1. “Yeah, I’ve been around for a while. I know what’s going on in my work and my life. I feel pretty confident about myself and my abilities.”
2. “I’m still kinda new at all of this. I have lots to learn and hope I can find my way.”
If you fall in the first category, you didn’t get there by yourself. You gained your own experience, and other, more experienced people helped you along your path.
For those of you who fall into the second category, have hope. Soon you will have accumulated enough experience and knowledge that you, too, will feel much more confident and valued.
None of us gains experience on our own. I look back over my life and can easily name the moments that profoundly changed me. They are the milestones, benchmarks and major changes, of course. More importantly, they are people — people who had been there before me and who were both wise and kind enough to share their experiences with me. They are my inukshuks, a small, hastily made statue of a man.
Photographer Rolf Hicker defines inukshuks this way: “The inukshuk, which means ‘likeness of person’ was first used by the Inuit people to mark trails, indicate caches of food, locate nearby settlements as well as good places to hunt or fish.

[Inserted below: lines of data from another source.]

lemma zero_J_mem_primeideal:
  assumes Q: "primeideal Q AJ" and j: "j \<in> J"
  shows "(\<zero>\<^bsub>A\<^esub>, j) \<in> Q"
proof -
  interpret Q: primeideal Q AJ by (rule Q)
  obtain n where "j [^]\<^bsub>B\<^esub> (n::nat) = \<zero>\<^bsub>B\<^esub>"
    using j J_nil by (auto simp: nilradical_def)
  moreover have "(\<zero>\<^bsub>A\<^esub>, j) \<in> carrier AJ"
    using j J.Icarr by (auto simp: mem_carrier_amalg_iff)
  ultimately show ?thesis
    using Q.nilpotent_mem[of "(\<zero>\<^bsub>A\<^esub>, j)" "Suc n"] j J.Icarr
    by (simp add: amalg_nat_pow A.nat_pow_zero)
qed

lemma primeideal_translate_iff:
  assumes Q: "primeideal Q AJ" and a: "a \<in> carrier A" and j: "j \<in> J"
  shows "(a, f a \<oplus>\<^bsub>B\<^esub> j) \<in> Q \<longleftrightarrow> (a, f a) \<in> Q"
proof -
  have add_closed: "x \<oplus>\<^bsub>AJ\<^esub> y \<in> Q" if "x \<in> Q" "y \<in> Q" for x y
    using additive_subgroup.a_closed[OF ideal.axioms(1)[OF primeideal.axioms(1)[OF Q]] that] .
  have carr: "f a \<in> carrier B" "j \<in> carrier B"
    using a j J.Icarr by auto
  show ?thesis
  proof
    assume "(a, f a \<oplus>\<^bsub>B\<^esub> j) \<in> Q"
    from add_closed[OF this zero_J_mem_primeideal[OF Q J.a_inv_closed[OF j]]]
    show "(a, f a) \<in> Q"
      using a carr by (simp add: B.a_assoc B.r_neg)
  next
    assume "(a, f a) \<in> Q"
    from add_closed[OF this zero_J_mem_primeideal[OF Q j]]
    show "(a, f a \<oplus>\<^bsub>B\<^esub> j) \<in> Q"
      using a carr by simp
  qed
qed

lemma primeideal_eq_prime_f_contraction:
  assumes Q: "primeideal Q AJ"
  shows "Q = prime_f B f J {a \<in> carrier A. iotaA f a \<in> Q}"
proof
  show "Q \<subseteq> prime_f B f J {a \<in> carrier A. iotaA f a \<in> Q}"
  proof
    fix z assume z: "z \<in> Q"
    then have "z \<in> carrier AJ"
      using ideal.Icarr[OF primeideal.axioms(1)[OF Q]] by blast
    then obtain a j where "z = (a, f a \<oplus>\<^bsub>B\<^esub> j)" "a \<in> carrier A" "j \<in> J"
      unfolding carrier_amalg by blast
    then show "z \<in> prime_f B f J {a \<in> carrier A. iotaA f a \<in> Q}"
      using z primeideal_translate_iff[OF Q] by (auto simp: prime_f_def iotaA_def)
  qed
  show "prime_f B f J {a \<in> carrier A. iotaA f a \<in> Q} \<subseteq> Q"
    using primeideal_translate_iff[OF Q] by (auto simp: prime_f_def iotaA_def)
qed

lemma prime_spectrum_iso_prime_f: "prime_spectrum_iso A AJ (prime_f B f J)"
proof (rule prime_spectrum_iso.intro)
  show "primeideal P A \<Longrightarrow> primeideal (prime_f B f J P) AJ" for P
    by (rule primeideal_prime_f)
  show "\<exists>P. primeideal P A \<and> Q = prime_f B f J P" if "primeideal Q AJ" for Q
    using ring_hom_ring.primeideal_vimage[OF iotaA_ring_hom A.cring_axioms that]
      primeideal_eq_prime_f_contraction[OF that] by blast
  show "prime_f B f J P \<subseteq> prime_f B f J P' \<longleftrightarrow> P \<subseteq> P'"
    if "primeideal P A" "primeideal P' A" for P P'
    by (rule prime_f_subset_iff[OF J_not_empty])
qed

sublocale prime_f: prime_spectrum_iso A AJ "prime_f B f J"
  by (rule prime_spectrum_iso_prime_f)

lemma ext_ideal_subset_prime_f_iff:
  assumes I: "ideal I A" and P: "ideal P A"
  shows "ext_ideal A B f J I \<subseteq> prime_f B f J P \<longleftrightarrow> I \<subseteq> P"
proof
  have "iotaA f ` I \<subseteq> carrier AJ"
    using ring_hom_closed[OF ring_hom_ring.homh[OF iotaA_ring_hom]] ideal.Icarr[OF I] by blast
  then have "iotaA f ` I \<subseteq> ext_ideal A B f J I"
    unfolding ext_ideal_def by (rule ring.genideal_self[OF ring_amalg])
  moreover assume "ext_ideal A B f J I \<subseteq> prime_f B f J P"
  ultimately have "fst ` iotaA f ` I \<subseteq> fst ` prime_f B f J P"
    by (intro image_mono) (rule subset_trans)
  then show "I \<subseteq> P"
    by (simp add: fst_image_prime_f[OF J_not_empty] image_image iotaA_def)
next
  assume "I \<subseteq> P"
  have "iotaA f a \<in> prime_f B f J P" if "a \<in> I" for a
  proof -
    have "iotaA f a = (a, f a \<oplus>\<^bsub>B\<^esub> \<zero>\<^bsub>B\<^esub>)"
      using that ideal.Icarr[OF I] by (simp add: iotaA_def)
    then show ?thesis
      unfolding prime_f_def using that \<open>I \<subseteq> P\<close> J.zero_closed by blast
  qed
  then have "iotaA f ` I \<subseteq> prime_f B f J P"
    by blast
  then show "ext_ideal A B f J I \<subseteq> prime_f B f J P"
    unfolding ext_ideal_def by (rule ring.genideal_minimal[OF ring_amalg ideal_prime_f[OF P]])
qed

end

theorem lemma4p4:
  fixes A :: "('a, 'm) ring_scheme" and B :: "('b, 'n) ring_scheme"
    and f :: "'a \<Rightarrow> 'b" and J :: "'b set" and \<a> :: "'a set" and \<p> :: "'a set"
  assumes "cring A" and "cring B" and "f \<in> ring_hom A B"
    and "ideal J B" and "J \<subseteq> nilradical B"
    and "ideal \<a> A" and "primeideal \<p> A"
  shows "(minimal_prime_over A \<a> \<p> \<longleftrightarrow>
            minimal_prime_over (amalg A B f J) (ext_ideal A B f J \<a>) (prime_f B f J \<p>))
       \<and> height A \<a> = height (amalg A B f J) (ext_ideal A B f J \<a>)
       \<and> {Q. minimal_prime_over (amalg A B f J) (ext_ideal A B f J \<p>) Q} = {prime_f B f J \<p>}
       \<and> height (amalg A B f J) (ext_ideal A B f J \<p>) = height (amalg A B f J) (prime_f B f J \<p>)"
proof -
  interpret amalgamation A B f J
    using assms(1-5) by (intro amalgamation.intro amalgamation_axioms.intro)
  note \<a> = assms(6) and \<p> = assms(7)
  have ext_subset_iff: "ext_ideal A B f J I \<subseteq> prime_f B f J Q \<longleftrightarrow> I \<subseteq> Q"
    if "ideal I A" "primeideal Q A" for I Q
    using ext_ideal_subset_prime_f_iff[OF that(1) primeideal.axioms(1)[OF that(2)]] .
  have same_primes: "ext_ideal A B f J \<p> \<subseteq> Q \<longleftrightarrow> prime_f B f J \<p> \<subseteq> Q"
    if Q: "primeideal Q AJ" for Q
  proof -
    obtain q where q: "primeideal q A" "Q = prime_f B f J q"
      using prime_f.primeideal_surj[OF Q] by blast
    then show ?thesis
      using ext_subset_iff[OF primeideal.axioms(1)[OF \<p>] q(1)] prime_f.map_subset_iff[OF \<p> q(1)]
      by simp
  qed
  show ?thesis
    using prime_f.minimal_prime_over_map_iff[OF ext_subset_iff[OF \<a>] \<p>]
      prime_f.height_map[OF ext_subset_iff[OF \<a>]]
      minimal_prime_over_cong[of AJ, OF same_primes] height_cong[of AJ, OF same_primes]
      minimal_prime_over_self[OF prime_f.primeideal_map[OF \<p>]]
    by simp
qed

end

“Most of the Canadian arctic is dominated yearround by permafrost and only has a few natural landmarks which could be used for orientation. That’s why inukshuks are used as directional markers.”
I found inukshuks during a recent trip to Banff National Park near Calgary in Canada’s Alberta province. At Moraine Lake, someone had taken time to erect a number of these unique stone statues. I discovered that they were used as aids for others, as markers and as helpful tools for directions.
Someone had been there before, and had made a point to be helpful to those who followed behind.
A substantive part of my purpose on this planet is to be a mentor, an inukshuk for others. If you fall into category No. 1 above, you should, too. If you agreed with statement No. 2, find a mentor who has been there before — someone who will leave markers along your trail.
Do you want to make it on your own? Good luck. It’s much wiser to look actively for your own inukshuks. And when you’ve made enough progress, be one for the many other travelers behind you.